What is the general consensus on Side Bets (ex. perfect pair)?
Whether you won or lost the last hand has no bearing on how the next one will play out. If you are referring to a streak side bet then it would depend on the exact payouts and win requirements but it is unlikely the modest increase in % chance of winning the next hand from a higher count would make the bet +EV.
Last edited by Meistro123; 10-14-2017 at 07:17 PM.
When the count is high that doesn't change your Win Rate very much. So when the count is super high, you're not a big favorite to win the hand (i.e. to go on a winning streak). The money comes from doubles, splits, dealer busting slightly more often, index plays, etc, etc, etc.

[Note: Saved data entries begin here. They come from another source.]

lemma extreme_contractionI:
  fixes T :: "'a::real_normed_vector \<Rightarrow>\<^sub>L 'b::real_normed_vector"
  assumes "norm T = 1" and perturb: "\<And>D. norm (T + D) \<le> 1 \<Longrightarrow> norm (T - D) \<le> 1 \<Longrightarrow> D = 0"
  shows "extreme_contraction T"
  unfolding extreme_contraction_def
proof (intro conjI allI impI assms(1))
  fix A B :: "'a \<Rightarrow>\<^sub>L 'b" and t :: real
  assume A: "norm A \<le> 1" and B: "norm B \<le> 1" and t: "0 < t" "t < 1"
    and T: "T = t *\<^sub>R A + (1 - t) *\<^sub>R B"
  have convex: "norm (p *\<^sub>R A + (1 - p) *\<^sub>R B) \<le> 1" if "0 \<le> p" "p \<le> 1" for p
  proof -
    have "norm (p *\<^sub>R A + (1 - p) *\<^sub>R B) \<le> p * norm A + (1 - p) * norm B"
      using norm_triangle_ineq[of "p *\<^sub>R A" "(1 - p) *\<^sub>R B"] that by simp
    also have "\<dots> \<le> p + (1 - p)" using A B that by (intro add_mono) (simp_all add: mult_left_le)
    finally show ?thesis by simp
  qed
  define s where "s = min t (1 - t)"
  have s: "0 < s" "s \<le> t" "s \<le> 1 - t" using t unfolding s_def by auto
  have "T + s *\<^sub>R (A - B) = (t + s) *\<^sub>R A + (1 - (t + s)) *\<^sub>R B"
    "T - s *\<^sub>R (A - B) = (t - s) *\<^sub>R A + (1 - (t - s)) *\<^sub>R B"
    unfolding T by (simp_all add: algebra_simps)
  then have "s *\<^sub>R (A - B) = 0"
    using perturb[of "s *\<^sub>R (A - B)"] convex[of "t + s"] convex[of "t - s"] s t by simp
  then show "A = B" using s by simp
qed
(* Let $f\in A[X]$ be monic with discriminant $\Delta=\mathrm{Res}_X(f,f')\neq 0$, and let $r=v(\Delta)$. Then the number of roots of $f$ in $K$ is at most $q^{\lfloor r/2\rfloor+1}$.
   Context: $K$ is a field complete with respect to a non-archimedean discrete valuation $v$, normalized by $v(\pi)=1$ for a uniformizer $\pi$ of the valuation ring $A=\{x\in K: v(x)\geq 0\}$; the residue field $A/\pi A$ is finite with $q$ elements. *)

theory Defs
  imports "HOL-Computational_Algebra.Polynomial" "Subresultants.Resultant_Prelim"
begin

text \<open>A discrete valuation on a field, given on nonzero elements (v 0 is irrelevant,
  morally +infinity), normalized so that some element (a uniformizer) has valuation 1.\<close>
definition normalized_discrete_valuation :: "('a::field \<Rightarrow> int) \<Rightarrow> bool" where
  "normalized_discrete_valuation v \<longleftrightarrow>
     (\<forall>x y. x \<noteq> 0 \<longrightarrow> y \<noteq> 0 \<longrightarrow> v (x * y) = v x + v y) \<and>
     (\<forall>x y. x \<noteq> 0 \<longrightarrow> y \<noteq> 0 \<longrightarrow> x + y \<noteq> 0 \<longrightarrow> v (x + y) \<ge> min (v x) (v y)) \<and>
     (\<exists>\<pi>. \<pi> \<noteq> 0 \<and> v \<pi> = 1)"

definition val_ring :: "('a::field \<Rightarrow> int) \<Rightarrow> 'a set" where
  "val_ring v = {x. x = 0 \<or> 0 \<le> v x}"

definition val_complete :: "('a::field \<Rightarrow> int) \<Rightarrow> bool" where
  "val_complete v \<longleftrightarrow>
     (\<forall>s :: nat \<Rightarrow> 'a.
        (\<forall>n::int. \<exists>N. \<forall>m\<ge>N. \<forall>k\<ge>N. s m = s k \<or> v (s m - s k) \<ge> n) \<longrightarrow>
        (\<exists>L. \<forall>n::int. \<exists>N. \<forall>m\<ge>N. s m = L \<or> v (s m - L) \<ge> n))"

text \<open>The residue field A / \<pi>A: classes of A modulo the relation x - y \<in> \<pi>A,
  i.e. x = y or v (x - y) \<ge> 1.\<close>
definition residue_rel :: "('a::field \<Rightarrow> int) \<Rightarrow> ('a \<times> 'a) set" where
  "residue_rel v = {(x, y). x \<in> val_ring v \<and> y \<in> val_ring v \<and> (x = y \<or> 1 \<le> v (x - y))}"

definition residue_field :: "('a::field \<Rightarrow> int) \<Rightarrow> 'a set set" where
  "residue_field v = val_ring v // residue_rel v"

end

theory Submission
  imports Defs
begin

When referring to side bets, in my opinion, it matters what level of a player you are. If you're a low roller, side bets are almost a must as they can easily double your hourly EV, with a safe spread, at a lower level table. However, since the mass majority of them have low betting limits (such as a $25 max) then they're not worth as much % in EV wise to someone playing at a higher level (amount). For example, if a side bet can make you $15/hour, to a low roller making $15/hour that's double the EV... however to someone making $100/hour, that's only a 15% boost (not saying it's not worth it, etc, just showing an example of importance). Most side bets are worthless, but some can be counted using your regular blackjack count. Tons of info out there on these...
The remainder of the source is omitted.